For years, researchers have relied on common genetic variants to predict an individual’s risk of developing certain diseases. However, with the advent of next-generation sequencing technology, which allows for the rapid identification of millions of genetic variants, scientists are now able to study rare genetic variants as well. These rare variants can be just as important in determining disease risk as common ones.
The problem is that traditional methods of analyzing genetic data don’t account for these rare variants very well. They’re often ignored or lumped together with more common variants, which can lead to inaccurate predictions.

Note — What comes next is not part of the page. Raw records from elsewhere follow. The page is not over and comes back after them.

definition bv0 :: complex where "bv0 = 0"
definition bv1 :: complex where "bv1 = 1"
definition bv2 :: complex where "bv2 = Complex (1/2) (sqrt 3 / 2)"

type_synonym face = "complex \<times> complex \<times> complex"

definition mid :: "complex \<Rightarrow> complex \<Rightarrow> complex" where
  "mid x y = (x + y) / 2"

definition subdivide :: "face \<Rightarrow> face set" where
  "subdivide f = (case f of (x, y, z) \<Rightarrow>
     (let c = (x + y + z) / 3 in
      {(x, mid x y, c), (mid x y, y, c), (y, mid y z, c), (mid y z, z, c),
       (z, mid z x, c), (mid z x, x, c)}))"

primrec bary_faces :: "nat \<Rightarrow> face set" where
  "bary_faces 0 = {(bv0, bv1, bv2)}"
| "bary_faces (Suc n) = \<Union> (subdivide ` bary_faces n)"

definition side :: "face \<Rightarrow> nat \<Rightarrow> complex set" where
  "side f i = (case f of (x, y, z) \<Rightarrow>
     (if i = 0 then {x, y} else if i = 1 then {y, z} else {z, x}))"

text \<open>Simple graph T_n: edges are the sides of the faces (as unordered pairs);
  each edge's endpoint set is the edge itself.\<close>
definition T_edges :: "nat \<Rightarrow> complex set set" where
  "T_edges n = {side f i | f i. f \<in> bary_faces n \<and> i < 3}"

text \<open>Multigraph S~_n: one copy of each side per face; an edge is (face, side index).\<close>
definition S_edges :: "nat \<Rightarrow> (face \<times> nat) set" where
  "S_edges n = bary_faces n \<times> {0, 1, 2}"

definition S_ends :: "face \<times> nat \<Rightarrow> complex set" where
  "S_ends e = side (fst e) (snd e)"

definition open_connected ::
  "'e set \<Rightarrow> ('e \<Rightarrow> complex set) \<Rightarrow> ('e \<Rightarrow> bool) \<Rightarrow> complex \<Rightarrow> complex \<Rightarrow> bool" where
  "open_connected E ends \<omega> u v \<longleftrightarrow>
     (u, v) \<in> {(x, y). \<exists>e\<in>E. \<omega> e \<and> ends e = {x, y}}\<^sup>*"

text \<open>Bond percolation with parameter p: edges independently open with probability p
  (equivalently, uniform labels below p).\<close>
definition perc_prob ::
  "'e set \<Rightarrow> ('e \<Rightarrow> complex set) \<Rightarrow> real \<Rightarrow> complex \<Rightarrow> complex \<Rightarrow> real" where
  "perc_prob E ends p u v =
     measure_pmf.prob (Pi_pmf E False (\<lambda>_. bernoulli_pmf p))
       {\<omega>. open_connected E ends \<omega> u v}"

definition crit_prob :: "(nat \<Rightarrow> 'e set) \<Rightarrow> ('e \<Rightarrow> complex set) \<Rightarrow> real" where
  "crit_prob G ends =
     Sup {p \<in> {0..1}. (\<lambda>n. perc_prob (G n) ends p bv0 bv1) \<longlonglongrightarrow> 0}"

That’s where the CROC method comes in. By collapsing rare variants into pseudo-common variants and then analyzing them alongside common ones, researchers are able to get a more complete picture of an individual’s genetic makeup and its relationship to disease risk.
In a test using simulated data from the Genetic Analysis Workshop 17, the CROC method was shown to be more accurate than traditional methods. When applied to real-world data, it could potentially lead to improved diagnosis and treatment of diseases.
One of the key advantages of the CROC method is that it’s able to account for bidirectional effects between genetic variants. This means that it can take into account how different genetic variants interact with each other to influence disease risk.
The researchers behind the study say that their approach could be particularly useful in fields such as medicine, where accurate prediction of disease risk is crucial for making informed treatment decisions. They also suggest that it could be used to identify individuals who are at high risk of developing a particular disease, even if they don’t have any symptoms yet.
While more research is needed to fully understand the potential of the CROC method, its developers are optimistic about its future impact on our understanding and prediction of genetic diseases.
Cite this article: “New Approach to Predicting Disease Risk Takes into Account Both Common and Rare Genetic Variants”, The Science Archive, 2025.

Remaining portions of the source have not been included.